lemma adjacent_swap_num_histories_ge:
  assumes p: "1 \<le> p" "Suc p < n"
  shows "catalan (n - 1) - catalan p * catalan (n - 1 - p)
           \<le> real (num_histories n (adjacent_swap n p) [0..<n])"
proof -
  define B F H where "B = ballot_maps (n - 1) (n - 1)" and "F = {h \<in> B. h p = p}"
    and "H = {h \<in> {1..n - 1} \<rightarrow>\<^sub>E {1..n - 1}. coalescent_history n (adjacent_swap n p) [0..<n] h}"
  have "B - F \<subseteq> H"
  proof
    fix h assume "h \<in> B - F"
    then have "h \<in> ballot_maps (n - 1) (n - 1)" "h p \<noteq> p"
      by (auto simp: B_def F_def)
    then show "h \<in> H"
      using adjacent_swap_coalescent_history[of h n p] unfolding H_def ballot_maps_def by blast
  qed
  then have "card (B - F) \<le> num_histories n (adjacent_swap n p) [0..<n]"
    unfolding num_histories_def H_def by (intro card_mono) (auto simp: finite_PiE)
  moreover have "card (B - F) = card B - card F" "card F \<le> card B"
    by (auto simp: F_def B_def finite_ballot_maps intro: card_Diff_subset card_mono)
  moreover have "real (card F) \<le> catalan p * catalan (n - 1 - p)"
    using card_ballot_maps_fixed_le[of p "n - 1"] p
    by (simp add: F_def B_def flip: card_ballot_maps_catalan of_nat_mult)
  ultimately show ?thesis
    by (simp add: B_def flip: card_ballot_maps_catalan) linarith
qed

lemma finite_num_histories_image:
  "finite {num_histories n G S | G S.
             G \<in> caterpillars n \<and> S \<in> caterpillars n \<and> \<not> same_topology n G S}"
  by (rule finite_subset[of _ "(\<lambda>(G, S). num_histories n G S) ` (caterpillars n \<times> caterpillars n)"])
     (auto simp: finite_caterpillars)

lemma num_histories_le_max_histories:
  assumes "G \<in> caterpillars n" "S \<in> caterpillars n" "\<not> same_topology n G S"
  shows "num_histories n G S \<le> max_histories n"
  unfolding max_histories_def using assms by (intro Max_ge finite_num_histories_image) auto

lemma max_histories_le_catalan:
  assumes "3 \<le> n"
  shows "real (max_histories n) \<le> catalan (n - 1)"
proof -
  \<comment> \<open>A witness pair is needed: the maximum of an empty set is unspecified.\<close>
  have "adjacent_swap n 1 \<in> caterpillars n" "\<not> same_topology n (adjacent_swap n 1) [0..<n]"
    using assms adjacent_swap_caterpillar[of 1 n] adjacent_swap_not_same_topology[of 1 n] by auto
  then have "max_histories n \<in> {num_histories n G S | G S.
               G \<in> caterpillars n \<and> S \<in> caterpillars n \<and> \<not> same_topology n G S}"
    unfolding max_histories_def using upt_caterpillar
    by (intro Max_in finite_num_histories_image) blast+
  then obtain G S where "G \<in> caterpillars n" "max_histories n = num_histories n G S"
    by blast
  then show ?thesis
    using num_histories_le_catalan by simp
qed

lemma max_histories_ge:
  assumes "1 \<le> p" "Suc p < n"
  shows "catalan (n - 1) - catalan p * catalan (n - 1 - p) \<le> real (max_histories n)"
proof -
  have "num_histories n (adjacent_swap n p) [0..<n] \<le> max_histories n"
    using assms
    by (intro num_histories_le_max_histories adjacent_swap_caterpillar upt_caterpillar
        adjacent_swap_not_same_topology) auto
  then show ?thesis
    using adjacent_swap_num_histories_ge[OF assms] by linarith
qed

theorem corollary3:
  shows "(\<lambda>n. real (max_histories n) / catalan (n - 1)) \<longlonglongrightarrow> 1"
proof (rule tendsto_sandwich[where f = "\<lambda>n. 1 - 16 / real n" and h = "\<lambda>_. 1"])
  show "\<forall>\<^sub>F n in sequentially. 1 - 16 / real n \<le> real (max_histories n) / catalan (n - 1)"
    using eventually_ge_at_top[of 3]
  proof eventually_elim
    case (elim n)
    have "(1 - 16 / real n) * catalan (n - 1)
            \<le> catalan (n - 1) - catalan (n div 2) * catalan (n - 1 - n div 2)"
      using catalan_balanced_product_le[of n] elim by (simp add: algebra_simps)
    also have "\<dots> \<le> real (max_histories n)"
      using elim by (intro max_histories_ge) auto
    finally show ?case
      by (simp add: catalan_pos pos_le_divide_eq)
  qed
  show "\<forall>\<^sub>F n in sequentially. real (max_histories n) / catalan (n - 1) \<le> 1"
    using eventually_ge_at_top[of 3]
  proof eventually_elim
    case (elim n)
    show ?case
      using max_histories_le_catalan[OF elim] catalan_pos[of "n - 1"] by simp
  qed
  show "(\<lambda>n. 1 - 16 / real n) \<longlonglongrightarrow> 1"
    using tendsto_diff[OF tendsto_const lim_const_over_n[of 16]] by simp
qed simp

end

What the exercise asks: Word for word, output the records that appear above.

Expected output:
lemma adjacent_swap_num_histories_ge:
  assumes p: "1 \<le> p" "Suc p < n"
  shows "catalan (n - 1) - catalan p * catalan (n - 1 - p)
           \<le> real (num_histories n (adjacent_swap n p) [0..<n])"
proof -
  define B F H where "B = ballot_maps (n - 1) (n - 1)" and "F = {h \<in> B. h p = p}"
    and "H = {h \<in> {1..n - 1} \<rightarrow>\<^sub>E {1..n - 1}. coalescent_history n (adjacent_swap n p) [0..<n] h}"
  have "B - F \<subseteq> H"
  proof
    fix h assume "h \<in> B - F"
    then have "h \<in> ballot_maps (n - 1) (n - 1)" "h p \<noteq> p"
      by (auto simp: B_def F_def)
    then show "h \<in> H"
      using adjacent_swap_coalescent_history[of h n p] unfolding H_def ballot_maps_def by blast
  qed
  then have "card (B - F) \<le> num_histories n (adjacent_swap n p) [0..<n]"
    unfolding num_histories_def H_def by (intro card_mono) (auto simp: finite_PiE)
  moreover have "card (B - F) = card B - card F" "card F \<le> card B"
    by (auto simp: F_def B_def finite_ballot_maps intro: card_Diff_subset card_mono)
  moreover have "real (card F) \<le> catalan p * catalan (n - 1 - p)"
    using card_ballot_maps_fixed_le[of p "n - 1"] p
    by (simp add: F_def B_def flip: card_ballot_maps_catalan of_nat_mult)
  ultimately show ?thesis
    by (simp add: B_def flip: card_ballot_maps_catalan) linarith
qed

lemma finite_num_histories_image:
  "finite {num_histories n G S | G S.
             G \<in> caterpillars n \<and> S \<in> caterpillars n \<and> \<not> same_topology n G S}"
  by (rule finite_subset[of _ "(\<lambda>(G, S). num_histories n G S) ` (caterpillars n \<times> caterpillars n)"])
     (auto simp: finite_caterpillars)

lemma num_histories_le_max_histories:
  assumes "G \<in> caterpillars n" "S \<in> caterpillars n" "\<not> same_topology n G S"
  shows "num_histories n G S \<le> max_histories n"
  unfolding max_histories_def using assms by (intro Max_ge finite_num_histories_image) auto

lemma max_histories_le_catalan:
  assumes "3 \<le> n"
  shows "real (max_histories n) \<le> catalan (n - 1)"
proof -
  \<comment> \<open>A witness pair is needed: the maximum of an empty set is unspecified.\<close>
  have "adjacent_swap n 1 \<in> caterpillars n" "\<not> same_topology n (adjacent_swap n 1) [0..<n]"
    using assms adjacent_swap_caterpillar[of 1 n] adjacent_swap_not_same_topology[of 1 n] by auto
  then have "max_histories n \<in> {num_histories n G S | G S.
               G \<in> caterpillars n \<and> S \<in> caterpillars n \<and> \<not> same_topology n G S}"
    unfolding max_histories_def using upt_caterpillar
    by (intro Max_in finite_num_histories_image) blast+
  then obtain G S where "G \<in> caterpillars n" "max_histories n = num_histories n G S"
    by blast
  then show ?thesis
    using num_histories_le_catalan by simp
qed

lemma max_histories_ge:
  assumes "1 \<le> p" "Suc p < n"
  shows "catalan (n - 1) - catalan p * catalan (n - 1 - p) \<le> real (max_histories n)"
proof -
  have "num_histories n (adjacent_swap n p) [0..<n] \<le> max_histories n"
    using assms
    by (intro num_histories_le_max_histories adjacent_swap_caterpillar upt_caterpillar
        adjacent_swap_not_same_topology) auto
  then show ?thesis
    using adjacent_swap_num_histories_ge[OF assms] by linarith
qed

theorem corollary3:
  shows "(\<lambda>n. real (max_histories n) / catalan (n - 1)) \<longlonglongrightarrow> 1"
proof (rule tendsto_sandwich[where f = "\<lambda>n. 1 - 16 / real n" and h = "\<lambda>_. 1"])
  show "\<forall>\<^sub>F n in sequentially. 1 - 16 / real n \<le> real (max_histories n) / catalan (n - 1)"
    using eventually_ge_at_top[of 3]
  proof eventually_elim
    case (elim n)
    have "(1 - 16 / real n) * catalan (n - 1)
            \<le> catalan (n - 1) - catalan (n div 2) * catalan (n - 1 - n div 2)"
      using catalan_balanced_product_le[of n] elim by (simp add: algebra_simps)
    also have "\<dots> \<le> real (max_histories n)"
      using elim by (intro max_histories_ge) auto
    finally show ?case
      by (simp add: catalan_pos pos_le_divide_eq)
  qed
  show "\<forall>\<^sub>F n in sequentially. real (max_histories n) / catalan (n - 1) \<le> 1"
    using eventually_ge_at_top[of 3]
  proof eventually_elim
    case (elim n)
    show ?case
      using max_histories_le_catalan[OF elim] catalan_pos[of "n - 1"] by simp
  qed
  show "(\<lambda>n. 1 - 16 / real n) \<longlonglongrightarrow> 1"
    using tendsto_diff[OF tendsto_const lim_const_over_n[of 16]] by simp
qed simp

end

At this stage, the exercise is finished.